Task description:
Only the line containing "Min ((\<rho> x)" and the lines after it, through the end of the entries, should be output exactly.

Stored data:
(* Assume the standing setting below. Let $\alpha\in(0,1/6]$ and $\gamma\in[\alpha,1-2\alpha]$ with $\alpha n,\gamma n$ integers. Let $x_1,\ldots,x_n$ be a uniformly random ordering of $X$; let $P_1$ be the first $\alpha n$ points, $P_2$ the next $\alpha n$ points, and $P_3$ the next $\gamma n$ points. Let $T_\alpha=\{c_1,\ldots,c_m\}$, $m\le k_+$, be a nonempty set of points that is a deterministic function of the set $P_1$, and let $C_i:=\{x\in X: i=\arg\min_{j\in[m]}\rho(c_j,x)\}$. Let $\mathcal{B}_a$ be a fixed $(\phi_\alpha/15)$-linear bin division of $X$ with respect to $\mathrm{OPT}$. Let $F_b:=\mathrm{far}_{k\phi_\alpha}(X\setminus P_1,T_\alpha)$, $F_c:=\mathrm{far}_{4(k+1)\phi_\alpha}(X\setminus P_1,T_\alpha)$, $F_d:=\mathrm{far}_{5(k+1)\phi_\alpha}(X\setminus P_1,T_\alpha)$, and let $\mathcal{B}_b$ (resp. $\mathcal{B}_c$) be a $(\phi_\alpha/3)$-linear bin division of $(X\setminus P_1)\setminus F_b$ (resp. $(X\setminus P_1)\setminus F_c$) with respect to $T_\alpha$, chosen as a deterministic function of $(P_1,T_\alpha)$. Let $E$ be the event that all of the following hold: (1) for each $i$ with $|C_i^*|\ge\phi_\alpha$, $C_i^*$ is well-represented in $P_1$ for $X$ and in $P_1\cup P_2$ for $X$; (2) each of $F_b,F_c$ is trivial or well-represented in $P_2$ for $X\setminus P_1$, and $F_d$ is trivial or well-represented in $P_3$ for $X\setminus P_1$; (3) $\mathcal{B}_a$ is trivial or well-represented in $P_1$ for $X$, and each of $\mathcal{B}_b,\mathcal{B}_c$ is trivial or well-represented in $P_2$ for $X\setminus P_1$; (4) for each $i\in[m]$, among the first $\lceil\log_2(8k_+/\delta)\rceil$ points of $C_i\cap P_3$ in the order of the stream (or all of them, if there are fewer), there is a point $x^*$ with $\rho(c_i,x^* )\le\rho(c_i,x)$ for at least half of the points $x\in C_i\cap P_3$. Then $\Pr[E]\ge1-\delta/2$.
   Context: Standing setting: $(X,\rho)$ is a finite metric space with $|X|=n$; $k\ge2$ is an integer and $\delta\in(0,1)$; $\log$ is the natural logarithm; $k_+:=k+38\log(32k/\delta)$; for $\alpha>0$, $\phi_\alpha:=150\log(32k/\delta)/\alpha$. For nonempty $T\subseteq X$, $\rho(x,T):=\min_{y\in T}\rho(x,y)$ and $R(S,T):=\sum_{x\in S}\rho(x,T)$; ties are broken by a fixed ordering of $X$. $\mathrm{OPT}=\{c_1^*,\ldots,c_k^*\}$ is a set of at most $k$ points of $X$ minimizing $R(X,\cdot)$, and $C_i^*:=\{x\in X:i=\arg\min_{j\in[k]}\rho(c_j^*,x)\}$. For $S\subseteq X$ and real $r\ge0$, $\mathrm{far}_r(S,T)$ is the set of the $\lceil r\rceil$ points of $S$ furthest from $T$; if $|S|<r$, $\mathrm{far}_r(S,T):=S$ (trivial far set). For finite $W$, $A,B\subseteq W$, $B$ is well-represented in $A$ for $W$ if $|B\cap A|/|B|\in[r/2,\frac32 r]$ with $r=|A|/|W|$; a bin division is well-represented if all its bins are. A $z$-linear bin division ($z>0$) of $W$ with respect to $T$ is a partition $(\mathcal{B}(1),\ldots,\mathcal{B}(L))$ of $W$ with: (1) if $z\le|W|$, $|\mathcal{B}(i)|\ge z(i+1)/2$ for all $i$; otherwise it is trivial, $\mathcal{B}(1):=W$; (2) $|\mathcal{B}(1)|\le\frac52 z$; (3) $|\mathcal{B}(i+1)|/|\mathcal{B}(i)|\le3/2$; (4) $\rho(x,T)\ge\rho(x',T)$ whenever $x\in\mathcal{B}(i)$, $x'\in\mathcal{B}(i+1)$. *)

theory Defs
  imports "HOL-Probability.Probability" "HOL-Combinatorics.Multiset_Permutations"
begin

text \<open>The fixed ordering of X used for tie-breaking is the linear order of the element type.\<close>

definition metric_on :: "'a set \<Rightarrow> ('a \<Rightarrow> 'a \<Rightarrow> real) \<Rightarrow> bool" where
  "metric_on X \<rho> \<longleftrightarrow>
     (\<forall>x\<in>X. \<forall>y\<in>X. \<rho> x y \<ge> 0 \<and> \<rho> x y = \<rho> y x \<and> (\<rho> x y = 0 \<longleftrightarrow> x = y)) \<and>
     (\<forall>x\<in>X. \<forall>y\<in>X. \<forall>z\<in>X. \<rho> x z \<le> \<rho> x y + \<rho> y z)"

definition dist_set :: "('a \<Rightarrow> 'a \<Rightarrow> real) \<Rightarrow> 'a \<Rightarrow> 'a set \<Rightarrow> real" where
  "dist_set \<rho> x T = Min ((\<rho> x) ` T)"

definition cost :: "('a \<Rightarrow> 'a \<Rightarrow> real) \<Rightarrow> 'a set \<Rightarrow> 'a set \<Rightarrow> real" where
  "cost \<rho> S T = (\<Sum>x\<in>S. dist_set \<rho> x T)"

Written response:
  "dist_set \<rho> x T = Min ((\<rho> x) ` T)"

definition cost :: "('a \<Rightarrow> 'a \<Rightarrow> real) \<Rightarrow> 'a set \<Rightarrow> 'a set \<Rightarrow> real" where
  "cost \<rho> S T = (\<Sum>x\<in>S. dist_set \<rho> x T)"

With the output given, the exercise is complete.